▶ **YOUR OBJECTIVE**: Count how many lines below contain the word "mean", then give that number alone.

▶ **RECORDED DATA**:
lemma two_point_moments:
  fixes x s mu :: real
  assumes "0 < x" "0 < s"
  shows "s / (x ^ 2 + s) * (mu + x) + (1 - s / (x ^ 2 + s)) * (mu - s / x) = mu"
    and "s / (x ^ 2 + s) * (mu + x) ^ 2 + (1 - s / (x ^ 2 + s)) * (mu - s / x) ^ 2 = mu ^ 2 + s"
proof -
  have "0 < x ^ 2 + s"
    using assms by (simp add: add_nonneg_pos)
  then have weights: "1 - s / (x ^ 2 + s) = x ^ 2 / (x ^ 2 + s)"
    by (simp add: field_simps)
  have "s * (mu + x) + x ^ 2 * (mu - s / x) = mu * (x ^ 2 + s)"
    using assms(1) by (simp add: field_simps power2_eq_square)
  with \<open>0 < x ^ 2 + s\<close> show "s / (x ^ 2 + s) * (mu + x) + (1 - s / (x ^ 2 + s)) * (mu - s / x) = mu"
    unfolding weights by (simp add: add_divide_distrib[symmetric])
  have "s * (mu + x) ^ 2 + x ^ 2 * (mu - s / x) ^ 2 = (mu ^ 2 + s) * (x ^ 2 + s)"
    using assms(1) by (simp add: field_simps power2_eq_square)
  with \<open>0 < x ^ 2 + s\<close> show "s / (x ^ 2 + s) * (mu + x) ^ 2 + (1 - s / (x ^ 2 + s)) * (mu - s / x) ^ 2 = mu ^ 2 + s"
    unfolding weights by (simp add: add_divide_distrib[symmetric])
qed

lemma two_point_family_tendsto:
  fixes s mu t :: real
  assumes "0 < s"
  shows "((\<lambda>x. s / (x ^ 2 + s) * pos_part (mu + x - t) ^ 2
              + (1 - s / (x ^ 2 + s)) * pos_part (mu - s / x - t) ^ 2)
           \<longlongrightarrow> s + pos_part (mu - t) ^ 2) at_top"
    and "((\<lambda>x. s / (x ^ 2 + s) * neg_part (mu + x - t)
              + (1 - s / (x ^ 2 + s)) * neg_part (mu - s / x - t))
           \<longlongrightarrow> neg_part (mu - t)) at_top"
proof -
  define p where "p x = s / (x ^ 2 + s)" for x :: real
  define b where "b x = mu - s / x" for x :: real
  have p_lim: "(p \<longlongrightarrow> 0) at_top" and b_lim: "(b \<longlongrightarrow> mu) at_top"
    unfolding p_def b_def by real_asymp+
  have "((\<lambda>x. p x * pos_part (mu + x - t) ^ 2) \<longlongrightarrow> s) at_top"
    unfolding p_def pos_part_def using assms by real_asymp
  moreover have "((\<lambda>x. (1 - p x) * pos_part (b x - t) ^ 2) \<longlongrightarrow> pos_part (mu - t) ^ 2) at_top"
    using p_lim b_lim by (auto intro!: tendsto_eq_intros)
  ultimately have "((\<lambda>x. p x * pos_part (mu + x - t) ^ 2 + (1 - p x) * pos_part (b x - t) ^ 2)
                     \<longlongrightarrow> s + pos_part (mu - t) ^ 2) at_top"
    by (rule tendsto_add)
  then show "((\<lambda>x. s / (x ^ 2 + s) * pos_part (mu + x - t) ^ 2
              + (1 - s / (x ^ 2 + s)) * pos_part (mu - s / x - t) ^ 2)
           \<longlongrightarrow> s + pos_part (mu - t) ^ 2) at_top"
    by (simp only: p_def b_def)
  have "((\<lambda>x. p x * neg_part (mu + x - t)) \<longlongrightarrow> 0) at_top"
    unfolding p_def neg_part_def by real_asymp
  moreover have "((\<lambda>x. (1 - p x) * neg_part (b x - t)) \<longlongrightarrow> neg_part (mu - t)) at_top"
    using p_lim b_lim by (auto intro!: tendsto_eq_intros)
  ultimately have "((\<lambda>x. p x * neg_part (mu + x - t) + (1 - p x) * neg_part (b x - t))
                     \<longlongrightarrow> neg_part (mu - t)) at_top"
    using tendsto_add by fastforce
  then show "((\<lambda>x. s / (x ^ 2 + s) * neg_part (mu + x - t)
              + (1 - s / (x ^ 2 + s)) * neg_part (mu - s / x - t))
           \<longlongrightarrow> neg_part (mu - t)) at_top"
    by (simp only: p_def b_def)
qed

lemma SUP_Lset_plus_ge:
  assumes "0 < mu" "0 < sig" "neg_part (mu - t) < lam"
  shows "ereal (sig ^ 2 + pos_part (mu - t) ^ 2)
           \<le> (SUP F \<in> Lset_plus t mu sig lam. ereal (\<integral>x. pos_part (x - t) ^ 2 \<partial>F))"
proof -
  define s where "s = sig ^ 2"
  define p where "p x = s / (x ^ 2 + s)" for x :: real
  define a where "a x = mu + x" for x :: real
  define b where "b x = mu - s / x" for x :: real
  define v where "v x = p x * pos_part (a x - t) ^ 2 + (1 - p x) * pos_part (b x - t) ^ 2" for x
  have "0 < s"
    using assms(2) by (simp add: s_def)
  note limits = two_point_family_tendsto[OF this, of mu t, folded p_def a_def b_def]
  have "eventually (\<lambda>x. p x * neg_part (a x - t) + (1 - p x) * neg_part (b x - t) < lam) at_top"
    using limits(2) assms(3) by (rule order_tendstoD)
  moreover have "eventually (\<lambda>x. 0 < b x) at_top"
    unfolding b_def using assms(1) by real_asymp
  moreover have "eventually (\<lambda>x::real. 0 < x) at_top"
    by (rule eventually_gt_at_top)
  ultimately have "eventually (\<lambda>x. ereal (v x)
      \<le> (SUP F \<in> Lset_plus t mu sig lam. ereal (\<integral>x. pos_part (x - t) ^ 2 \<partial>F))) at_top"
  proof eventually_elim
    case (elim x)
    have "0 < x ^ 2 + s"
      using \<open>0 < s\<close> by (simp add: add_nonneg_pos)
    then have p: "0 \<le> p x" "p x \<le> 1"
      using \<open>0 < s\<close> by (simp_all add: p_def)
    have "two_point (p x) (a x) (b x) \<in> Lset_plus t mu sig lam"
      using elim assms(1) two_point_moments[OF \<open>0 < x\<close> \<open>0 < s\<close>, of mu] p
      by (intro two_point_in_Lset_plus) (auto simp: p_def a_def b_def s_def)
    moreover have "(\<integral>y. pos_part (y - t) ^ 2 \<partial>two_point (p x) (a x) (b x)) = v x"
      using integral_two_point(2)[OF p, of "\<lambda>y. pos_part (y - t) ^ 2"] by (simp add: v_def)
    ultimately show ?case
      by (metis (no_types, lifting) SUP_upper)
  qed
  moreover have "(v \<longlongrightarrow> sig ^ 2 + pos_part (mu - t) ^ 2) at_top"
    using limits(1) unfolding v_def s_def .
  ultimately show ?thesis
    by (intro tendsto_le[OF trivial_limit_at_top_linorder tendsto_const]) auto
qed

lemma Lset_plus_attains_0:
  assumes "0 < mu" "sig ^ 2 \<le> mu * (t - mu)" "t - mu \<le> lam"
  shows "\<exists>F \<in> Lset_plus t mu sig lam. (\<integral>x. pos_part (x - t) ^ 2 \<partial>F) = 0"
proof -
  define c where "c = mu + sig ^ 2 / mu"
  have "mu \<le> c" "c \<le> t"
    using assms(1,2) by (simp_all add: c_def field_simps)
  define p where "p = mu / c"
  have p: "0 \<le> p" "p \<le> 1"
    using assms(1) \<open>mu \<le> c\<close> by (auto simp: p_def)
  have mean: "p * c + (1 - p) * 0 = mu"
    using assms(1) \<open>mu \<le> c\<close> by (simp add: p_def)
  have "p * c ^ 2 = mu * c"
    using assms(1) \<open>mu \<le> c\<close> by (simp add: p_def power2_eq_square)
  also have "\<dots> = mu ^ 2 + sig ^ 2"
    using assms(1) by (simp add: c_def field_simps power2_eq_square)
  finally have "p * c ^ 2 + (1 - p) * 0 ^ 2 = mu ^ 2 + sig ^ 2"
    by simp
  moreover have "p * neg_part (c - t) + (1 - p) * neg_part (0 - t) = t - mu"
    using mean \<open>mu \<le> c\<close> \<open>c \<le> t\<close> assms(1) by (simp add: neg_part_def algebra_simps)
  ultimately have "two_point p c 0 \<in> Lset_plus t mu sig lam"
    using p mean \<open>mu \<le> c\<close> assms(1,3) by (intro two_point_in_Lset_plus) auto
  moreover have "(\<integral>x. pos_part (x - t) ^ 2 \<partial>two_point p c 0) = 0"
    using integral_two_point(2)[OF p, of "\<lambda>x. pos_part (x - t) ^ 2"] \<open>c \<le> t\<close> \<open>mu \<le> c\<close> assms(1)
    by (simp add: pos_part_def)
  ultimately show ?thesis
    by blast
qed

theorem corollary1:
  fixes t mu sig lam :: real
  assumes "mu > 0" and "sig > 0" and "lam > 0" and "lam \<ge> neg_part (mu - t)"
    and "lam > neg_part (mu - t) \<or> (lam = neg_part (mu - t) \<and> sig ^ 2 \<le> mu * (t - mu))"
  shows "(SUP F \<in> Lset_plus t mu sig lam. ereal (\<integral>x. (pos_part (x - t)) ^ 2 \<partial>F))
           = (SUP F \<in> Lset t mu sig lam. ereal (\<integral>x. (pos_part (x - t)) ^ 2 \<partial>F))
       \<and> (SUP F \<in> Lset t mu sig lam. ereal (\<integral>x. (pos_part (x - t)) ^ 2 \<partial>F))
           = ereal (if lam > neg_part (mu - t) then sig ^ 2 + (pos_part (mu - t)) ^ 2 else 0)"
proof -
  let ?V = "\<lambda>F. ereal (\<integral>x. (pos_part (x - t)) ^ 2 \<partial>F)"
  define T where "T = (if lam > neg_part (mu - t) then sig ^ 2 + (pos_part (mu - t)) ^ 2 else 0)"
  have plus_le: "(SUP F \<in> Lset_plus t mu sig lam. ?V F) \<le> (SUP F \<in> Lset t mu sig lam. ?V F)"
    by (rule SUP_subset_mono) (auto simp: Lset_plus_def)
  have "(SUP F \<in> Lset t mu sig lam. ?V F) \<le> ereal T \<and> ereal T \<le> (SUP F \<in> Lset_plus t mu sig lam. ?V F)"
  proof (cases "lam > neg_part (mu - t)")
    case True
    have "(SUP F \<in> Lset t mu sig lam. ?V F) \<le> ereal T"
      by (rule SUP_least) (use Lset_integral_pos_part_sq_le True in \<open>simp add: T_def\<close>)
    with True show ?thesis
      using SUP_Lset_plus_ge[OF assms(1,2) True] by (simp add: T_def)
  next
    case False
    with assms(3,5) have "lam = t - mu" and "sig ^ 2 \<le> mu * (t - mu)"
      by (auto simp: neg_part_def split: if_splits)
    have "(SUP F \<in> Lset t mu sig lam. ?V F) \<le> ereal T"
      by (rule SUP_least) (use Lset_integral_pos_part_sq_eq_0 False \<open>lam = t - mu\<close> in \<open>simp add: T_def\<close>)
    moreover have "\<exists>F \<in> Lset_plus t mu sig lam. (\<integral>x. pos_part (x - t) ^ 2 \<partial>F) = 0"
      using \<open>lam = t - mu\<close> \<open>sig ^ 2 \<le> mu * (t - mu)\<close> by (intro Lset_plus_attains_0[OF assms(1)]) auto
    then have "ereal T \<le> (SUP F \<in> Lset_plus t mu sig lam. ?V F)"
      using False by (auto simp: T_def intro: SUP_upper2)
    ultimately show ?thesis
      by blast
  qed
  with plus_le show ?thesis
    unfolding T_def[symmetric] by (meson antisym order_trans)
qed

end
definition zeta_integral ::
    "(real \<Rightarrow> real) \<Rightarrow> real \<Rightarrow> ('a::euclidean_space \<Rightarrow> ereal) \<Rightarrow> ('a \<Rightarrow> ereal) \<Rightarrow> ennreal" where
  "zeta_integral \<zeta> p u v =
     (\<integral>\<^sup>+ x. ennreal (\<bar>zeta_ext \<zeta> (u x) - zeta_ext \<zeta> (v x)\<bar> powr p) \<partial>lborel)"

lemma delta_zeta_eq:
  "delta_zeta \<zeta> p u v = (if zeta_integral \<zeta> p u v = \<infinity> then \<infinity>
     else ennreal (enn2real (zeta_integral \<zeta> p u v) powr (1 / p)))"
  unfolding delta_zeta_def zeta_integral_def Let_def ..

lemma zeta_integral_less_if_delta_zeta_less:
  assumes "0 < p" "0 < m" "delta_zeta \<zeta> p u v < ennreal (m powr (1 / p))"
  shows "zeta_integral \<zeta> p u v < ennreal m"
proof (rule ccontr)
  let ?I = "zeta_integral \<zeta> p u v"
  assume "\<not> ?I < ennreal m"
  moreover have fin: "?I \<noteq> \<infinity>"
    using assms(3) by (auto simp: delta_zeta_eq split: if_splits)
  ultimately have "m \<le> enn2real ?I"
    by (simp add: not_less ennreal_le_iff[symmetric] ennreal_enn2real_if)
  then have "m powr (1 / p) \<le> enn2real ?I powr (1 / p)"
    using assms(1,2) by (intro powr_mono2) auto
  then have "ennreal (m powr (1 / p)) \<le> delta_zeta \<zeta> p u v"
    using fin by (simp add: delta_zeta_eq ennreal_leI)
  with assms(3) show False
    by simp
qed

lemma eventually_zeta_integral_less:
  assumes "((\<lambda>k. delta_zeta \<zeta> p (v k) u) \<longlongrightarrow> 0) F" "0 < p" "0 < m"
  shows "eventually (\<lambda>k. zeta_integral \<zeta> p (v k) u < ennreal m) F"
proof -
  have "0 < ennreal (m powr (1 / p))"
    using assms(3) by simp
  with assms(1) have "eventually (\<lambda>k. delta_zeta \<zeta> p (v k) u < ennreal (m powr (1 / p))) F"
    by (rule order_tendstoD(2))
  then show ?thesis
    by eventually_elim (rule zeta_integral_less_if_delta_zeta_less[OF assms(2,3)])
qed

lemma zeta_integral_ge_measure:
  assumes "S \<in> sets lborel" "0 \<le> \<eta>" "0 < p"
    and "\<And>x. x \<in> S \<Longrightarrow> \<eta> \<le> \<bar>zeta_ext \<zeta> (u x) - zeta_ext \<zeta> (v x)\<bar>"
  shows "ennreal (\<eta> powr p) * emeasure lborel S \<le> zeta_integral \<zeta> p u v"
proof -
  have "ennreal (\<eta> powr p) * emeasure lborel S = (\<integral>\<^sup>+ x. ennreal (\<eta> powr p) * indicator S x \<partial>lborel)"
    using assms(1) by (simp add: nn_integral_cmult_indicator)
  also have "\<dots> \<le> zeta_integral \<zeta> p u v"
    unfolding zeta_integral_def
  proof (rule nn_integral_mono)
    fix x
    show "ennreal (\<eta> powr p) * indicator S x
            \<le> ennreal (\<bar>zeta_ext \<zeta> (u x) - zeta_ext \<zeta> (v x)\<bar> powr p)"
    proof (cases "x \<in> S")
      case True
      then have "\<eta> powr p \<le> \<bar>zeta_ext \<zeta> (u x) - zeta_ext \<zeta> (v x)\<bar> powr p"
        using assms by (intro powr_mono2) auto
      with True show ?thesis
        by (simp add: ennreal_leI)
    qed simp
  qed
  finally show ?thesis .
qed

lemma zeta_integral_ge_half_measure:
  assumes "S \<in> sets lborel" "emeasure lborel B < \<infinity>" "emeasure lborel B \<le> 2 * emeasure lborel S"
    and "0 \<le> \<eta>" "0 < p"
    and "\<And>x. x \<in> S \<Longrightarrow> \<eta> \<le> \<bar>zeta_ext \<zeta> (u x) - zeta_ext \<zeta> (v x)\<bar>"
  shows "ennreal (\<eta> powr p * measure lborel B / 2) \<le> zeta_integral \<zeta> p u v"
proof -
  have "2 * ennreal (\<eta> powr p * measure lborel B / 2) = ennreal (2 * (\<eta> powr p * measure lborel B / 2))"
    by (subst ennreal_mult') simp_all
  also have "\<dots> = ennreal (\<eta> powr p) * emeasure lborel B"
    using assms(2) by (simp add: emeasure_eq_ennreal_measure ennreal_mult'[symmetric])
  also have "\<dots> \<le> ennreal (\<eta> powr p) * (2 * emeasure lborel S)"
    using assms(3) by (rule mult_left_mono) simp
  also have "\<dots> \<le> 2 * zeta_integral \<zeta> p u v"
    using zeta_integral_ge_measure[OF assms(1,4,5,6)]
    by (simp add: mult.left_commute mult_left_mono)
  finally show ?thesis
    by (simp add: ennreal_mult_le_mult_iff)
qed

▶ **ANSWER BELOW**: 3